In the records below, tally every line containing "times". Report only the total.

Top of Supplied material

lemma anc_pairs_subtrees_mono: "S \<in> subtrees T \<Longrightarrow> anc_pairs S \<subseteq> anc_pairs T"
  by (induction T) auto

definition width :: "nat \<times> nat \<times> nat \<Rightarrow> nat" where
  "width N = (case N of (i, t, j) \<Rightarrow> j - i)"

inductive_cases qtree_on_NodeE: "qtree_on i j (Node l N r)"

lemma qtree_on_descendant_narrower:
  assumes "qtree_on i j (Node l (i, t, j) r)" "N \<in> set_tree l \<union> set_tree r"
  shows "width N < j - i"
proof -
  obtain a b d where N: "N = (a, b, d)"
    by (cases N) auto
  have "i \<le> t" "t < j" "l = Leaf \<or> qtree_on i t l" "r = Leaf \<or> qtree_on (t + 1) j r"
    using assms(1) by (auto elim: qtree_on_NodeE)
  then show ?thesis
    using assms(2) qtree_on_node_bounds[of i t l a b d] qtree_on_node_bounds[of "t + 1" j r a b d]
    unfolding N width_def by auto
qed

lemma card_predecessors_less:
  assumes "finite A" "transp R" "irreflp R" "v \<in> A" "R v x"
  shows "card {y \<in> A. R y v} < card {y \<in> A. R y x}"
proof (rule psubset_card_mono)
  show "finite {y \<in> A. R y x}"
    using assms(1) by simp
  show "{y \<in> A. R y v} \<subset> {y \<in> A. R y x}"
    using assms(2-5) by (auto dest: transpD irreflpD)
qed

definition descending_rank :: "pt set \<Rightarrow> pt list \<Rightarrow> (nat \<times> nat \<times> nat) tree \<Rightarrow> (pt \<Rightarrow> nat) \<Rightarrow> bool" where
  "descending_rank P c T \<mu> \<longleftrightarrow>
     (\<forall>x\<in>P - ch P. \<forall>A\<in>P. \<forall>B\<in>P. \<forall>C\<in>P. x \<in> interior (convex hull {A, B, C}) \<longrightarrow>
        (\<exists>v\<in>{A, B, C}. qprec P c T x v \<and> \<mu> v < \<mu> x))"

Bottom of Supplied material

Expected answer
2